Available data:
►

(* Let $\frac23\le M<\frac34$. Algorithm D (defined in the context) has migration factor at most $M$, and on every input whose optimal offline makespan is $1$ it produces a schedule of makespan at most $2-M$. Hence its competitive ratio is at most $2-M$.
   Context: Model (two hierarchical machines with migration, bin stretching). Jobs $1,2,\dots,n$ arrive one by one ($n$ unknown in advance). Job $j$ has a size $p_j>0$ and a grade of service (GoS) $g_j\in\{1,2\}$; a job of GoS $1$ may only be processed on machine $m_1$, a job of GoS $2$ may be processed on $m_1$ or on $m_2$. The load of a machine is the total size of its jobs, the makespan is the maximum load. When job $j$ arrives, the algorithm must assign it, and may migrate previously arrived jobs (respecting GoS) of total size at most $M\cdot p_j$ (migration factor $M$). Bin stretching: the optimal offline makespan of the complete input is known in advance and scaled to $1$. The competitive ratio is the supremum over inputs of (algorithm's makespan)/(optimal makespan). Notation: $Y_{j}$ is the set of jobs on $m_2$ just after job $j$ has been handled, $y_j$ its total size, $y_0=0$; "sorted $Y_{j-1}$" lists $Y_{j-1}$ in non-increasing order of size; $w_j$ is the total size of the (current) set $W$. Algorithm D (parameter $M$). On arrival of job $j$: Step 2: if $g_j=1$ or $y_{j-1}\ge M$, assign $j$ to $m_1$. Step 3: else if $y_{j-1}+p_j\le 2-M$, assign $j$ to $m_2$. Step 4: else if $p_j\ge M$: let $W$ be the longest prefix of sorted $Y_{j-1}$ with total size at most $M\cdot p_j$ (possibly empty). If $y_{j-1}-w_j+p_j>2-M$, assign $j$ to $m_1$; otherwise migrate the jobs of $W$ to $m_1$ and assign $j$ to $m_2$. Step 5: else (so $p_j<M$): let $W$ be the shortest prefix of sorted $Y_{j-1}$ with total size at least $M/3$ (or $Y_{j-1}$ if none exists). If $w_j>\min\{2M/3,\,M\cdot p_j\}$, replace $W$ by $Y_{j-1}\setminus W$. Then, if $y_{j-1}-w_j+p_j>2-M$, assign $j$ to $m_1$; otherwise migrate the jobs of $W$ to $m_1$ and assign $j$ to $m_2$. *)

theory Defs
  imports Complex_Main
begin

text \<open>Jobs are indexed 0,1,2,... in order of arrival; job i has size p i and
GoS g i (1 or 2). A state is the set Y of (indices of) jobs currently on
machine m2; all other arrived jobs are on machine m1.\<close>

definition load :: "(nat \<Rightarrow> real) \<Rightarrow> nat set \<Rightarrow> real" where
  "load p S = (\<Sum>i\<in>S. p i)"

definition sorted_noninc :: "(nat \<Rightarrow> real) \<Rightarrow> nat list \<Rightarrow> bool" where
  "sorted_noninc p xs \<longleftrightarrow> distinct xs \<and> sorted_wrt (\<lambda>a b. p a \<ge> p b) xs"

definition prefix_sum :: "(nat \<Rightarrow> real) \<Rightarrow> nat list \<Rightarrow> nat \<Rightarrow> real" where
  "prefix_sum p xs k = sum_list (map p (take k xs))"

definition W_step4 :: "real \<Rightarrow> (nat \<Rightarrow> real) \<Rightarrow> nat list \<Rightarrow> real \<Rightarrow> nat set" where
  "W_step4 M p xs pj =
     set (take (GREATEST k. k \<le> length xs \<and> prefix_sum p xs k \<le> M * pj) xs)"

definition W0_step5 :: "real \<Rightarrow> (nat \<Rightarrow> real) \<Rightarrow> nat list \<Rightarrow> nat set" where
  "W0_step5 M p xs =
     (if \<exists>k\<le>length xs. prefix_sum p xs k \<ge> M / 3
      then set (take (LEAST k. k \<le> length xs \<and> prefix_sum p xs k \<ge> M / 3) xs)
      else set xs)"

definition W_step5 :: "real \<Rightarrow> (nat \<Rightarrow> real) \<Rightarrow> nat list \<Rightarrow> real \<Rightarrow> nat set" where
  "W_step5 M p xs pj =
     (let W0 = W0_step5 M p xs in
      if load p W0 > min (2 * M / 3) (M * pj) then set xs - W0 else W0)"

◄

What you need to do:
What you give back should be the lines from the one with "p xs \<longleftrightarrow>" to the end of the data, copied exactly, both ends included.

Exercise result:
  "sorted_noninc p xs \<longleftrightarrow> distinct xs \<and> sorted_wrt (\<lambda>a b. p a \<ge> p b) xs"

definition prefix_sum :: "(nat \<Rightarrow> real) \<Rightarrow> nat list \<Rightarrow> nat \<Rightarrow> real" where
  "prefix_sum p xs k = sum_list (map p (take k xs))"

definition W_step4 :: "real \<Rightarrow> (nat \<Rightarrow> real) \<Rightarrow> nat list \<Rightarrow> real \<Rightarrow> nat set" where
  "W_step4 M p xs pj =
     set (take (GREATEST k. k \<le> length xs \<and> prefix_sum p xs k \<le> M * pj) xs)"

definition W0_step5 :: "real \<Rightarrow> (nat \<Rightarrow> real) \<Rightarrow> nat list \<Rightarrow> nat set" where
  "W0_step5 M p xs =
     (if \<exists>k\<le>length xs. prefix_sum p xs k \<ge> M / 3
      then set (take (LEAST k. k \<le> length xs \<and> prefix_sum p xs k \<ge> M / 3) xs)
      else set xs)"

definition W_step5 :: "real \<Rightarrow> (nat \<Rightarrow> real) \<Rightarrow> nat list \<Rightarrow> real \<Rightarrow> nat set" where
  "W_step5 M p xs pj =
     (let W0 = W0_step5 M p xs in
      if load p W0 > min (2 * M / 3) (M * pj) then set xs - W0 else W0)"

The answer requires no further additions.